[YOUR TASK] From the data below, retype exactly the lines starting with the one that contains "k = 3] (mod" and ending with the one that contains "using 1 by (simp", both included.

*** Opening of AVAILABLE RECORDS ***

(* Let $\mu_\xi,\mu_\rho\in\mathbb{R}$, $\sigma_\xi>0$, $\sigma_\rho>0$, and $\kappa_\rho=\mu_\rho+\sigma_\rho^2/2$. Let $\delta>0$. The equation $$(\sigma_\xi^2+\sigma_\rho^2x^2)f''(x)+2(\mu_\xi+\kappa_\rho x)f'(x)-2\delta f(x)=0$$ admits a solution $f:\mathbb{R}_+\to\mathbb{R}$ satisfying property (P): $f(x)>0$ for all $x\in\mathbb{R}_+$ and $f'(x)\le0$ for all $x\in(0,\infty)$. Moreover, if $\mu_\rho\le0$, every other solution $\tilde f$ of this equation satisfying (P) is of the form $\tilde f=Kf$ on $\mathbb{R}_+$ for some constant $K>0$.
   Context: $\mathbb{R}_+=[0,\infty)$. *)

theory Defs
  imports "HOL-Analysis.Analysis"
begin

definition ode_sol ::
  "real \<Rightarrow> real \<Rightarrow> real \<Rightarrow> real \<Rightarrow> real \<Rightarrow>
   (real \<Rightarrow> real) \<Rightarrow> (real \<Rightarrow> real) \<Rightarrow> (real \<Rightarrow> real) \<Rightarrow> bool" where
  "ode_sol s_xi s_rho mu_xi kappa_rho delta f f' f'' \<longleftrightarrow>
    (\<forall>x\<ge>0. (f has_real_derivative f' x) (at x within {0..}) \<and>
            (f' has_real_derivative f'' x) (at x within {0..}) \<and>
            (s_xi^2 + s_rho^2 * x^2) * f'' x + 2 * (mu_xi + kappa_rho * x) * f' x
              - 2 * delta * f x = 0)"

definition prop_P :: "(real \<Rightarrow> real) \<Rightarrow> (real \<Rightarrow> real) \<Rightarrow> bool" where
  "prop_P f f' \<longleftrightarrow> (\<forall>x\<ge>0. f x > 0) \<and> (\<forall>x>0. f' x \<le> 0)"

end

(*
  For two solutions f and g, Abel's identity makes exp B * (f g' - f' g) constant, where
  B' = a1/a2 is the ratio of the coefficients of f' and f''. exp (-B) is the scale density of the
  associated diffusion; for mu_rho <= 0 it decays no faster than 1/x. A nonzero constant would
  therefore force one of the two positive nonincreasing solutions to satisfy f' <= -c/(1 + x) and
  hence to become negative. So the Wronskian vanishes and g/f is constant.

  Let lam > 0 be the root of s_rho^2 lam^2 + 2 mu_rho lam = 2 delta and
  w = a2^(-lam) exp (-B). Then f x = integral of w (x + u) u^lam over u >= 0 solves the equation:
  on the truncated integrals the differential operator produces an exact u-derivative, i.e. a
  boundary term that vanishes at u = 0 and decays at infinity, and the truncated integrals converge
  uniformly together with their x-derivatives. f > 0 because w > 0, and f is nonincreasing because
  u^lam is increasing.
*)

theory Submission
  imports Defs
begin

section \<open>Calculus on the half-line\<close>

lemma has_real_derivative_at_if_within_atLeast:
  fixes h :: "real \<Rightarrow> real"
  assumes "a < x" and "(h has_real_derivative D) (at x within {a..})"
  shows "(h has_real_derivative D) (at x)"
proof -
  have "(h has_real_derivative D) (at x within {a<..})"
    using assms(2) by (rule DERIV_subset) auto
  then show ?thesis
    using assms(1) by (simp add: at_within_open[of x "{a<..}"])
qed
lemma coeff_sum3_cube_root_cong:
  assumes "[x^3 = 1] (mod q)"
  shows "[2 * coeff_sum3 n x = 9 * int n * (int n + 1) + 10 * int n
            - (9 * int n * (int n + 1) + 14 * (int n + 1)) * x - 2 * int n * x^2] (mod q)"
proof (induction n)
  case 0
  show ?case by (simp add: coeff_sum3_0)
next
  case (Suc n)
  have "[2 * coeff_sum3 n x - 2 * x ^ (3 * n + 2)
           + 2 * (9 * int n + 14) * x ^ (3 * n + 3) - 2 * (9 * int n + 16) * x ^ (3 * n + 4)
       = (9 * int n * (int n + 1) + 10 * int n
            - (9 * int n * (int n + 1) + 14 * (int n + 1)) * x - 2 * int n * x^2)
           - 2 * x^2 + 2 * (9 * int n + 14) * 1 - 2 * (9 * int n + 16) * x] (mod q)"
    using Suc.IH cube_root_of_unity_pow_cong[OF assms, of n]
    by (intro cong_add cong_diff cong_mult cong_refl) simp_all
  then show ?case
    by (simp add: coeff_sum3_Suc algebra_simps)
qed

lemma rhs3_cube_root_cong:
  assumes "[x^3 = 1] (mod (3 * int n + 4))"
  shows "[2 * rhs3 n x = - 2 * (int n + 1) * (x^2 + x + 1)] (mod (3 * int n + 4))"
proof -
  have "2 * rhs3 n x = 6 + 4 * x ^ (3 * n + 3) - 2 * x ^ (3 * n + 2) + 2 * coeff_sum3 n x"
    by (simp add: rhs3_def)
  also have "[\<dots> = 6 + 4 * 1 - 2 * x^2 + (9 * int n * (int n + 1) + 10 * int n
            - (9 * int n * (int n + 1) + 14 * (int n + 1)) * x - 2 * int n * x^2)]
       (mod (3 * int n + 4))" (is "[_ = ?B] (mod _)")
    using coeff_sum3_cube_root_cong[OF assms] cube_root_of_unity_pow_cong[OF assms, of n]
    by (intro cong_add cong_diff cong_mult cong_refl) simp_all
  finally have "[2 * rhs3 n x = ?B] (mod (3 * int n + 4))" .
  also have "?B = - 2 * (int n + 1) * (x^2 + x + 1) + (3 * int n + 4) * (3 * (int n + 1) * (1 - x))"
    by (simp add: algebra_simps power2_eq_square)
  finally show ?thesis
    by (rule cong_trans) (simp add: cong_iff_dvd_diff)
qed

lemma rhs3_mult_cong:
  assumes "[x ^ (3 * n + 3) = 1] (mod (3 * int n + 4))"
  shows "[x * (x - 1) * (x^3 - 1) * (rhs3 n x * (x^2 + x + 1)) = x * (x - 1) * (x^3 - 1) * 3]
           (mod (3 * int n + 4))"
proof -
  define z where "z = x ^ (3 * n + 2)"
  define D where "D = x^3 - 1"
  define C where "C = 1 - (9 * int n + 14) * x + (9 * int n + 16) * x^2 - x^3
                        + (9 * int n + 5) * x^4 - (9 * int n + 7) * x^5"
  have xz: "x ^ (3 * n + 3) = x * z"
    by (simp add: z_def power_add eval_nat_numeral mult_ac)
  have "x * (x - 1) * D * (rhs3 n x * (x^2 + x + 1)) - x * (x - 1) * D * 3
      = x * (3 + 2 * x * z - z) * D^2 + x * (coeff_sum3 n x * D^2) - 3 * x * (x - 1) * D"
    unfolding rhs3_def xz z_def[symmetric] D_def
    by (simp add: algebra_simps power2_eq_square power3_eq_cube)
  also have "\<dots> = x * (3 + 2 * x * z - z) * D^2
      + x * (- 7*x - x^2 + 14*x^3 - 2*x^4 + x^5 - 5*x^6 + z * C) - 3 * x * (x - 1) * D"
    unfolding coeff_sum3_closed_form D_def C_def z_def ..
  also have "\<dots> = (x * z - 1) * (2 * x * D^2 - D^2 + C)
      + (3 * int n + 4) * (3 * x^2 - 3 * x + 3 * x^4 - 3 * x^5)"
    unfolding D_def C_def by (simp add: algebra_simps power2_eq_square power3_eq_cube eval_nat_numeral)
  finally show ?thesis
    using assms unfolding xz D_def[symmetric] cong_iff_dvd_diff by simp
qed

lemma dvd_rhs3_minus_3: "x dvd rhs3 n x - 3"
proof -
  have "x dvd coeff_sum3 n x"
    unfolding coeff_sum3_def by (intro dvd_sum) (auto intro: dvd_mult dvd_power)
  then show ?thesis
    by (simp add: rhs3_def)
qed

lemma fermat_theorem_int:
  fixes p :: nat and a :: int
  assumes "prime p" and "\<not> int p dvd a"
  shows "[a ^ (p - 1) = 1] (mod int p)"
proof -
  interpret R: residues_prime p "residue_ring (int p)"
    by unfold_locales (rule assms(1))
  have "coprime a (int p)"
    using assms prime_imp_coprime[of "int p" a] by (simp add: ac_simps)
  then show ?thesis
    using R.euler_theorem R.prime_totient_eq by simp
qed

lemma three_mult_pow_cong_rhs3_of_dvd:
  assumes "q dvd x"
  shows "[3 * (x^2 + x + 1) ^ k = rhs3 n x] (mod q)"
proof -
  have "[x^2 + x + 1 = 1] (mod q)"
    using assms by (simp add: cong_iff_dvd_diff power2_eq_square)
  then have "[3 * (x^2 + x + 1) ^ k = 3 * 1 ^ k] (mod q)"
    by (intro cong_mult cong_refl cong_pow)
  then have "[3 * (x^2 + x + 1) ^ k = 3] (mod q)"
    by simp
  moreover have "[3 = rhs3 n x] (mod q)"
    using dvd_trans[OF assms dvd_rhs3_minus_3] by (simp add: cong_iff_dvd_diff dvd_diff_commute)
  ultimately show ?thesis
    by (rule cong_trans)
qed

lemma three_mult_pow_cong_rhs3_of_cube_root:
  assumes "prime p" and p: "p = 3 * n + 4" and cube: "[x^3 = 1] (mod int p)"
  shows "[3 * (x^2 + x + 1) ^ (3 * n + 2) = rhs3 n x] (mod int p)"
proof -
  let ?f = "x^2 + x + 1"
  have P: "int p = 3 * int n + 4" using p by simp
  have "x^3 - 1 = (x - 1) * ?f"
    by (simp add: algebra_simps power2_eq_square power3_eq_cube)
  then have "int p dvd (x - 1) * ?f"
    using cube by (simp add: cong_iff_dvd_diff)
  then consider "int p dvd x - 1" | "int p dvd ?f"
    using assms(1) by (auto simp: prime_dvd_mult_iff)
  then have lhs: "[2 * (3 * ?f ^ (3 * n + 2)) = - 2 * (int n + 1) * ?f] (mod int p)"
  proof cases
    case 1
    have "?f - 3 = (x - 1) * (x + 2)"
      by (simp add: algebra_simps power2_eq_square)
    then have f3: "[?f = 3] (mod int p)"
      using 1 by (simp add: cong_iff_dvd_diff)
    have "\<not> int p dvd 3" using p by (auto dest: zdvd_imp_le)
    moreover have "p - 1 = Suc (3 * n + 2)" using p by simp
    ultimately have fermat: "[3 * 3 ^ (3 * n + 2) = 1] (mod int p)"
      using fermat_theorem_int[OF assms(1), of 3] by simp
    have "[2 * (3 * ?f ^ (3 * n + 2)) = 2 * (3 * 3 ^ (3 * n + 2))] (mod int p)"
      by (intro cong_mult cong_refl cong_pow f3)
    also have "[2 * (3 * 3 ^ (3 * n + 2)) = 2 * 1] (mod int p)"
      by (intro cong_mult cong_refl fermat)
    also have "[2 * 1 = - 2 * (int n + 1) * 3] (mod int p)"
    proof -
      have "2 * 1 - (- 2 * (int n + 1) * 3) = int p * 2"
        using P by simp
      then show ?thesis
        unfolding cong_iff_dvd_diff by (simp only: dvd_triv_left)
    qed
    also have "[- 2 * (int n + 1) * 3 = - 2 * (int n + 1) * ?f] (mod int p)"
      using cong_sym[OF f3] by (intro cong_mult cong_refl)
    finally show ?thesis .
  next
    case 2
    then have f0: "[?f = 0] (mod int p)"
      by (simp add: cong_0_iff)
    have "[2 * (3 * ?f ^ (3 * n + 2)) = 2 * (3 * 0 ^ (3 * n + 2))] (mod int p)"
      by (intro cong_mult cong_refl cong_pow f0)
    then have "[2 * (3 * ?f ^ (3 * n + 2)) = 0] (mod int p)"
      by simp
    moreover have "[- 2 * (int n + 1) * ?f = - 2 * (int n + 1) * 0] (mod int p)"
      by (intro cong_mult cong_refl f0)
    then have "[0 = - 2 * (int n + 1) * ?f] (mod int p)"
      by (simp add: cong_sym_eq)
    ultimately show ?thesis
      by (rule cong_trans)
  qed
  have rhs: "[2 * rhs3 n x = - 2 * (int n + 1) * ?f] (mod int p)"
    using rhs3_cube_root_cong[of x n] cube unfolding P by simp
  have "\<not> int p dvd 2" using p by (auto dest: zdvd_imp_le)
  then have "coprime 2 (int p)"
    using assms(1) prime_imp_coprime[of "int p" 2] by (simp add: coprime_commute)
  moreover have "[2 * (3 * ?f ^ (3 * n + 2)) = 2 * rhs3 n x] (mod int p)"
    using lhs rhs by (rule cong_trans[OF _ cong_sym])
  ultimately show ?thesis
    by (simp only: cong_mult_lcancel)
qed
lemma positive_curvature_at_tilde_varrho:
  fixes rd :: "nat \<Rightarrow> real ^ 3"
  assumes "norm u = 1" and "\<delta> \<ge> 2" and "Nd \<ge> 2"
    and distinct: "\<And>j j'. j < Nd \<Longrightarrow> j' < Nd \<Longrightarrow> j \<noteq> j' \<Longrightarrow> norm (rd j - rd j') > 0"
    and stationary: "deriv (tilde_varrho \<delta> Nd rd u) R0 = 0"
  shows "positive_curvature_at (tilde_varrho \<delta> Nd rd u) R0"
proof -
  define S where "S = (\<lambda>R. \<Sum>j<Nd. varrho u (rd j) R ^ \<delta>)"
  define p where "p = 1 / real \<delta>"
  have S_pos: "S R > 0" for R unfolding S_def using sum_varrho_power_pos[OF assms(3) distinct] .
  have tilde_eq: "tilde_varrho \<delta> Nd rd u = (\<lambda>R. S R powr p)"
    unfolding tilde_varrho_def S_def p_def using assms(2)
    by (intro ext root_powr_inverse sum_nonneg) (auto simp: varrho_def)
  have S_curv: "positive_curvature_at S R0"
    unfolding S_def using positive_curvature_at_sum_varrho_power[OF assms(1-4)] .
  then obtain S' where S': "\<And>R. (S has_real_derivative S' R) (at R)"
    unfolding positive_curvature_at_def by blast
  have "deriv (tilde_varrho \<delta> Nd rd u) R0 = p * S R0 powr (p - 1) * S' R0"
    unfolding tilde_eq by (rule DERIV_imp_deriv[OF DERIV_fun_powr[OF S' S_pos, simplified]])
  then have "S' R0 = 0" using stationary S_pos[of R0] assms(2) by (simp add: p_def)
  then have "deriv S R0 = 0" using DERIV_imp_deriv[OF S'] by simp
  show ?thesis unfolding tilde_eq
  proof (rule positive_curvature_at_comp[OF S_curv \<open>deriv S R0 = 0\<close>])
    show "((\<lambda>s. s powr p) has_real_derivative p * S R powr (p - 1)) (at (S R))" for R
      using has_real_derivative_powr[OF S_pos] .
    show "((\<lambda>s. p * s powr (p - 1)) has_real_derivative p * ((p - 1) * S R powr (p - 1 - 1))) (at (S R))" for R
      using DERIV_cmult[OF has_real_derivative_powr[OF S_pos]] .
    show "p * S R powr (p - 1) > 0" for R using S_pos[of R] assms(2) by (simp add: p_def)
    show "isCont (\<lambda>s. p * ((p - 1) * s powr (p - 1 - 1))) (S R0)"
      using S_pos[of R0] by (intro continuous_intros) auto
  qed
qed

lemma tanh_real_eq_exp_double: "tanh (x::real) = (exp (2 * x) - 1) / (exp (2 * x) + 1)"
proof -
  have "exp x \<noteq> 0" by simp
  then have "tanh x = (exp x * exp x - 1) / (exp x * exp x + 1)"
    unfolding tanh_altdef exp_minus by (simp add: divide_simps)
  then show ?thesis by (simp flip: exp_add)
qed
text \<open>Conditions (1)-(3), common to both kinds of disputes. A dispute
(X_0,...,X_n) is the list [X_0,...,X_n]; even indices are Pro moves.\<close>
definition basic_dispute :: "'a set \<Rightarrow> ('a \<times> 'a) set \<Rightarrow> 'a set list \<Rightarrow> bool" where
  "basic_dispute F att D \<longleftrightarrow> D \<noteq> [] \<and>
     (\<forall>i < length D. D ! i \<subseteq> F \<and> conflict_free att (D ! i)) \<and>
     (\<forall>i. i + 2 < length D \<longrightarrow> D ! i \<subseteq> D ! (i + 2) \<and> finite (D ! (i + 2) - D ! i)) \<and>
     (1 < length D \<longrightarrow> finite (D ! 1))"

definition strong_dispute :: "'a set \<Rightarrow> ('a \<times> 'a) set \<Rightarrow> 'a set list \<Rightarrow> bool" where
  "strong_dispute F att D \<longleftrightarrow> basic_dispute F att D \<and>
     (\<forall>k. 1 \<le> k \<and> 2 * k < length D \<longrightarrow> cogent att (D ! (2 * k)) (D ! (2 * k - 1))) \<and>
     (\<forall>k. 2 * k + 1 < length D \<longrightarrow> \<not> cogent att (D ! (2 * k)) (D ! (2 * k + 1)))"

definition tenability_dispute :: "'a set \<Rightarrow> ('a \<times> 'a) set \<Rightarrow> 'a set list \<Rightarrow> bool" where
  "tenability_dispute F att D \<longleftrightarrow> basic_dispute F att D \<and>
     (\<forall>i. i + 1 < length D \<longrightarrow> cogent att (D ! (i + 1)) (D ! i)) \<and>
     (\<forall>k. 2 * k + 1 < length D \<longrightarrow> strictly_cogent att (D ! (2 * k + 1)) (D ! (2 * k)))"

definition follows :: "('a set list \<Rightarrow> 'a set) \<Rightarrow> 'a set list \<Rightarrow> bool" where
  "follows \<sigma> D \<longleftrightarrow> (\<forall>k. 1 \<le> k \<and> 2 * k < length D \<longrightarrow> D ! (2 * k) = \<sigma> (take (2 * k) D))"

text \<open>Pro has a winning strategy from A in the game whose disputes are given by
the predicate dispute: the play can start with X_0 = A, and at every dispute
starting with A, consistent with sigma and ending with an Opp move (even length),
sigma yields a legal reply. Hence no concluded sigma-consistent play is won by Opp.\<close>
definition pro_wins :: "('a set list \<Rightarrow> bool) \<Rightarrow> 'a set \<Rightarrow> bool" where
  "pro_wins dispute A \<longleftrightarrow> dispute [A] \<and>
     (\<exists>\<sigma>. \<forall>D. dispute D \<and> hd D = A \<and> even (length D) \<and> follows \<sigma> D
              \<longrightarrow> dispute (D @ [\<sigma> D]))"

definition strongly_tenable :: "'a set \<Rightarrow> ('a \<times> 'a) set \<Rightarrow> 'a set \<Rightarrow> bool" where
  "strongly_tenable F att A \<longleftrightarrow> pro_wins (strong_dispute F att) A"

definition tenable :: "'a set \<Rightarrow> ('a \<times> 'a) set \<Rightarrow> 'a set \<Rightarrow> bool" where
  "tenable F att A \<longleftrightarrow> pro_wins (tenability_dispute F att) A"

end

theory Submission
  imports Defs
begin

(* A tenability dispute is a strong dispute: an Opponent set strictly more cogent than the
   Proponent's is in particular not answered by it, and Proponent moves are constrained alike
   in both games. Conversely, a Proponent reply that is legal in the strong game is legal in the
   tenability game, so a winning strategy for the strong game also wins the tenability game.
   For static tenability, given a finite conflict-free B, let the Opponent open with the part X
   of B that A does not attack: either A is already as cogent as X, or X is a legal opening,
   and the Proponent's reply C \<supseteq> A answers X while inheriting A's attacks on the rest of B.

   Both separating examples take A = {0} in a framework on six arguments. In the first, the
   Proponent answers the opening with a set whose attacks the Opponent could only counter at
   the price of a conflict, which ends the tenability game after one round; the strong game
   lets the Opponent ignore these attacks, and it wins within two rounds. In the second, the
   Opponent wins the tenability game by attacking, in its second move, the counterattacker the
   Proponent has committed to, whereas in the static setting the Proponent chooses the
   counterattacker knowing B. *)

lemma conflict_freeD: "conflict_free att X \<Longrightarrow> a \<in> X \<Longrightarrow> b \<in> X \<Longrightarrow> (a, b) \<notin> att"
  unfolding conflict_free_def by blast
lemma sign_changes_successive_diffs_Cons:
  assumes "a \<noteq> 0" and "x \<noteq> 0"
    and IH: "sign_changes x xs < sign_changes x (successive_diffs x xs)"
  shows "sign_changes a (x # xs) < sign_changes a (successive_diffs a (x # xs))"
proof -
  have "x = a \<or> sgn (x - a) = sgn x \<or> (a * x > 0 \<and> a * (x - a) < 0)"
    using \<open>x \<noteq> 0\<close> by (cases "x - a > 0"; cases "x > 0"; cases "a > 0")
      (auto simp: sgn_if mult_pos_pos mult_neg_neg mult_pos_neg mult_neg_pos)
  then consider "x = a" | "sgn (x - a) = sgn x" | "a * x > 0" "a * (x - a) < 0"
    by blast
  then show ?thesis
  proof cases
    case 1
    then show ?thesis using IH \<open>x \<noteq> 0\<close> by (simp add: mult_less_0_iff)
  next
    case 2
    then show ?thesis using IH \<open>x \<noteq> 0\<close> sign_changes_sgn_cong[OF 2, of "successive_diffs x xs"]
      by (auto simp: mult_less_0_iff sgn_if split: if_splits)
  next
    case 3
    then show ?thesis using IH sign_changes_le_Suc[of x "successive_diffs x xs" "x - a"] \<open>x \<noteq> 0\<close>
      by auto
  qed
qed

*** Close of AVAILABLE RECORDS ***

[YOUR RESPONSE]
  then have "[3 * (x^2 + x + 1) ^ k = 3] (mod q)"
    by simp
  moreover have "[3 = rhs3 n x] (mod q)"
    using dvd_trans[OF assms dvd_rhs3_minus_3] by (simp add: cong_iff_dvd_diff dvd_diff_commute)
  ultimately show ?thesis
    by (rule cong_trans)
qed

lemma three_mult_pow_cong_rhs3_of_cube_root:
  assumes "prime p" and p: "p = 3 * n + 4" and cube: "[x^3 = 1] (mod int p)"
  shows "[3 * (x^2 + x + 1) ^ (3 * n + 2) = rhs3 n x] (mod int p)"
proof -
  let ?f = "x^2 + x + 1"
  have P: "int p = 3 * int n + 4" using p by simp
  have "x^3 - 1 = (x - 1) * ?f"
    by (simp add: algebra_simps power2_eq_square power3_eq_cube)
  then have "int p dvd (x - 1) * ?f"
    using cube by (simp add: cong_iff_dvd_diff)
  then consider "int p dvd x - 1" | "int p dvd ?f"
    using assms(1) by (auto simp: prime_dvd_mult_iff)
  then have lhs: "[2 * (3 * ?f ^ (3 * n + 2)) = - 2 * (int n + 1) * ?f] (mod int p)"
  proof cases
    case 1
    have "?f - 3 = (x - 1) * (x + 2)"
      by (simp add: algebra_simps power2_eq_square)
    then have f3: "[?f = 3] (mod int p)"
      using 1 by (simp add: cong_iff_dvd_diff)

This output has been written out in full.